Q2 2019: it was the best of times, it was the worst of times. Okay, it wasn’t either, but last quarter we did see something that looked like both. After hitting new highs in April (the best!), markets declined significantly in May for the first time all year (the worst!) and then bounced back in June close to all-time highs. Internationally, we saw the same story, although to a lesser extent, as both developed and emerging markets echoed U.S. performance with an up-down-up pattern. We closed the quarter on a positive note, though, with all major indices up around the world. As far as the stock market is concerned, it was a good quarter.

A Look Back

Risks remain. Interestingly, this good quarter happened despite some real concerns. Corporate earnings growth rolled over and is expected to be negative through the third quarter as well. Worries about slowing global economic growth underlined the risks here. Further, some weak data reports, especially around confidence and hiring, also pointed to trouble ahead. Despite the strong performance of financial markets for June and the quarter as a whole, we are not out of the woods.

Declining rates. The Fed and the bond markets both agree with this risk assessment. The Fed came out with a much more dovish stance in its most recent meetings, making lower interest rates a more likely outcome—possibly this month. The bond market has already acted on that likelihood, pushing long-term rates down nearly half a percentage point over the quarter, from about 2.5 percent to 2 percent. Clearly, the bond markets are showing more worry than even the headlines.

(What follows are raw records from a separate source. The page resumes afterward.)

lemma has_prod_one_minus_ps:
  "(\<lambda>k. 1 - pseq q r (n - int k) * sseq q r (n - int k)) has_prod (1 / (Dseq q r (n + 1) * Eseq q r n))"
proof -
  have shift: "n + 1 - int k = n - int k + 1" for k
    by simp
  show ?thesis
    using has_prod_inverse[OF has_prod_mult[OF Dseq_has_prod[of "n + 1"] Eseq_has_prod[of n]]]
    by (simp add: one_minus_ps inverse_eq_divide shift)
qed

lemma tendsto_one_minus_uv:
  "(\<lambda>m. \<Prod>j\<in>{- int m..int m}. 1 - useq q r j * vseq q r j) \<longlonglongrightarrow> 1 / (Dinf q r * Einf q r)"
  using tendsto_inverse[OF tendsto_mult[OF tendsto_Dinf(1) tendsto_Einf]] Dinf_nonzero Einf_nonzero
  by (simp add: one_minus_uv prod.distrib [symmetric] prod_dividef inverse_eq_divide)

lemma tendsto_one_minus_ps:
  "(\<lambda>m. \<Prod>j\<in>{- int m..int m}. 1 - pseq q r j * sseq q r j) \<longlonglongrightarrow> 1 / (Dinf q r * Einf q r)"
  using tendsto_inverse[OF tendsto_mult[OF tendsto_Dinf(2) tendsto_Einf]] Dinf_nonzero Einf_nonzero
  by (simp add: one_minus_ps prod.distrib [symmetric] prod_dividef inverse_eq_divide)

end

theorem proposition3p1:
  fixes q r :: "int \<Rightarrow> complex"
  assumes "rapid_decay q" and "rapid_decay r"
    and "\<And>n. 1 - q n * r n \<noteq> 0"
    and "\<And>n. 1 + q n * r (n + 1) \<noteq> 0"
  defines "u \<equiv> useq q r" and "v \<equiv> vseq q r" and "p \<equiv> pseq q r" and "s \<equiv> sseq q r"
    and "D \<equiv> Dseq q r" and "E \<equiv> Eseq q r"
  shows "(\<forall>n. 1 - u n * v n = 1 / ((1 - q n * r n) * (1 + q n * r (n + 1)))) \<and>
         (\<forall>n. 1 - p n * s n = 1 / ((1 - q (n + 1) * r (n + 1)) * (1 + q n * r (n + 1)))) \<and>
         (\<forall>n. (\<lambda>k. 1 - u (n - int k) * v (n - int k)) has_prod (1 / (D n * E n))) \<and>
         ((\<lambda>m. \<Prod>j\<in>{- int m..int m}. 1 - u j * v j) \<longlonglongrightarrow> 1 / (Dinf q r * Einf q r)) \<and>
         (\<forall>n. (\<lambda>k. 1 - p (n - int k) * s (n - int k)) has_prod (1 / (D (n + 1) * E n))) \<and>
         ((\<lambda>m. \<Prod>j\<in>{- int m..int m}. 1 - p j * s j) \<longlonglongrightarrow> 1 / (Dinf q r * Einf q r))"
proof -
  interpret decaying_potentials q r
    using assms(1-4) by unfold_locales
  show ?thesis
    unfolding u_def v_def p_def s_def D_def E_def
    using one_minus_uv one_minus_ps has_prod_one_minus_uv tendsto_one_minus_uv
      has_prod_one_minus_ps tendsto_one_minus_ps
    by blast
qed

end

Economy still growing. Despite all the worries, the data shows that the stock market may have it right—although the economy may be slowing, it is still growing. Job growth, for example, had two slow months during the quarter. Looking at the year-on-year changes, however, it remains at the levels of most of 2018—and above those of 2017. The same can be said for wage growth. Similarly, although consumer confidence is down from the highs, it remains above the highest levels dating back to 2016. With consumers getting jobs and raises—and confident enough to spend—we also saw healthy increases in personal income and spending during the quarter, which drives more than two-thirds of the economy. People may be worried, but they are still working and spending.

Business sector better than expected. Like the consumer, business confidence was down during the quarter, but it remains positive. Although investment growth has slowed—like hiring—it remains at healthy levels, which should support continued growth. Government, the last direct sector, has actually been spending more, which should also help keep growth going.

Politics in play. With the economy still growing, the real worries last quarter were political. Fears of a trade war with China shook confidence, while worries about the Mueller report and Washington drama also took their toll. North Korea, Brexit, and even the Fed caused shoppers and investors to pull back. The worries were—and are—real.

At the same time, as of the end of the quarter, the Mueller report had come and gone, conflict between Congress and the White House continues but has not sunk the ship of state, and the trade war remains at the cold stage rather than getting worse. There has been damage and slowing, but not enough to derail the economy as a whole.